Canadians are more supportive of immigration than ever

The Environics Institute of Canada, in partnership with the Century Initiative, has released survey data on Canadian’s opinions on immigration. The Environics Institute is a research agency that conducts public opinion surveys and collects data on Canadian issues such as the government or economy. Century Initiative is a registered charity run by business leaders and academics that advocates for the population of Canada to reach 100,000,000 by 2100.

The overall finding of the survey is that more Canadians than ever are in favour of increased immigration. Nearly 70% of Canadians were found to disagree or strongly disagree when asked if Canada’s immigration levels were too high.

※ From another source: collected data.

theorem mainTheorem4:
  fixes deg :: "'i::finite \<Rightarrow> nat"
    and m mu :: "'i \<Rightarrow> 'i \<Rightarrow> 'i \<Rightarrow> complex"
    and u eps :: "'i \<Rightarrow> complex"
    and s :: "'i \<Rightarrow> 'i \<Rightarrow> complex"
    and a b' :: nat
  assumes hopf: "graded_hopf deg m mu u eps s"
  defines "dH \<equiv> hdeg deg"
      and "mA \<equiv> HA_mult deg m mu"
      and "mAs \<equiv> HAs_mult deg m mu"
      and "oA \<equiv> oneHA u eps"
      and "oAs \<equiv> oneHAs u eps"
      and "S \<equiv> S_el deg u eps"
      and "St \<equiv> St_el u eps"
      and "S1 \<equiv> S1_el deg u eps a b'"
      and "S2 \<equiv> S2_el deg u eps a b'"
  shows
   "prod3 dH dH dH mAs mA mA (prod3 dH dH dH mAs mA mA (leg12 oA S1) (leg13 oA S1)) (leg23 oAs S)
      = prod3 dH dH dH mAs mA mA (leg23 oAs S) (leg12 oA S1)
  \<and> prod3 dH dH dH mAs mAs mA (leg12 oA St) (leg23 oAs S1)
      = prod3 dH dH dH mAs mAs mA (prod3 dH dH dH mAs mAs mA (leg23 oAs S1) (leg13 oAs S1)) (leg12 oA St)
  \<and> prod3 dH dH dH mA mA mAs (prod3 dH dH dH mA mA mAs (leg12 oAs S) (leg13 oA S2)) (leg23 oA S2)
      = prod3 dH dH dH mA mA mAs (leg23 oA S2) (leg12 oAs S)
  \<and> prod3 dH dH dH mA mAs mAs (leg12 oAs S2) (leg23 oA St)
      = prod3 dH dH dH mA mAs mAs (prod3 dH dH dH mA mAs mAs (leg23 oA St) (leg13 oAs S2)) (leg12 oAs S2)
  \<and> prod3 dH dH dH mAs mA mAs (prod3 dH dH dH mAs mA mAs (leg12 oAs S1) (leg13 oA St)) (leg23 oAs S2)
      = prod3 dH dH dH mAs mA mAs (leg23 oAs S2) (leg12 oAs S1)
  \<and> prod3 dH dH dH mA mAs mA (leg12 oA S2) (leg23 oA S1)
      = prod3 dH dH dH mA mAs mA (prod3 dH dH dH mA mAs mA (leg23 oA S1) (leg13 oAs S)) (leg12 oA S2)
  \<and> prod3 dH dH dH mAs mAs mAs (leg12 oAs St) (leg23 oAs St)
      = prod3 dH dH dH mAs mAs mAs (prod3 dH dH dH mAs mAs mAs (leg23 oAs St) (leg13 oAs St)) (leg12 oAs St)"
proof -
  interpret graded_biunital deg m mu u eps
    using hopf by (rule graded_hopf_biunital)
  show ?thesis
    unfolding dH_def mA_def mAs_def oA_def oAs_def S_def St_def S1_def S2_def
    using pentagon_equations by blast
qed

end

This is the most support shown for immigration in the survey’s 45-year history and comes as the 2021 census data shows that immigrants make up 23% of Canada’s total population, or 8.3 million people. It projects that this number will increase to 34% by 2041.

Data was collected through telephone interviews conducted with 2,000 Canadians between September 6 and 30, 2022. A sample of this size drawn from the population produces results accurate to within plus or minus 2.2 percentage points in 19 out of 20 samples.

In all responses, as in previous years, the study found that support for immigration and immigrants is often related to an individual’s political leanings. Since 2021, overall support for elevated levels of immigration has increased among supporters of the federal Liberal Party (79%, up 4), NDP (85%, up 4) and Green Party (84%, up 19). Conversely, 43% of Conservative supporters believe that immigration levels are too high, but this is still a drop of 1% over the 2021 study.

Support for immigration despite pandemic difficulties

The data comes at a time when Canada is dealing with the aftermath of the COVID-19 pandemic, a historic labour shortage and a record one million job vacancies. In response, Canada has been raising targets within the Immigration Levels Plan. The current plan has a target between nearly 432,000 and 451,000 new immigrants in Canada by 2024. A new plan is expected by November 1.

Over 50% of surveyed Canadians believe that Canada needs more immigrants to increase its population. The most notable changes over the 2021 data show that people in Manitoba and Saskatchewan have shifted their views, with a 15-point increase over the previous year. Alberta and Ontario are both also up three points.

Atlantic Canada, which has tripled its number of immigrants in the past five years, showed less support for immigration than in the past, dropping nine points.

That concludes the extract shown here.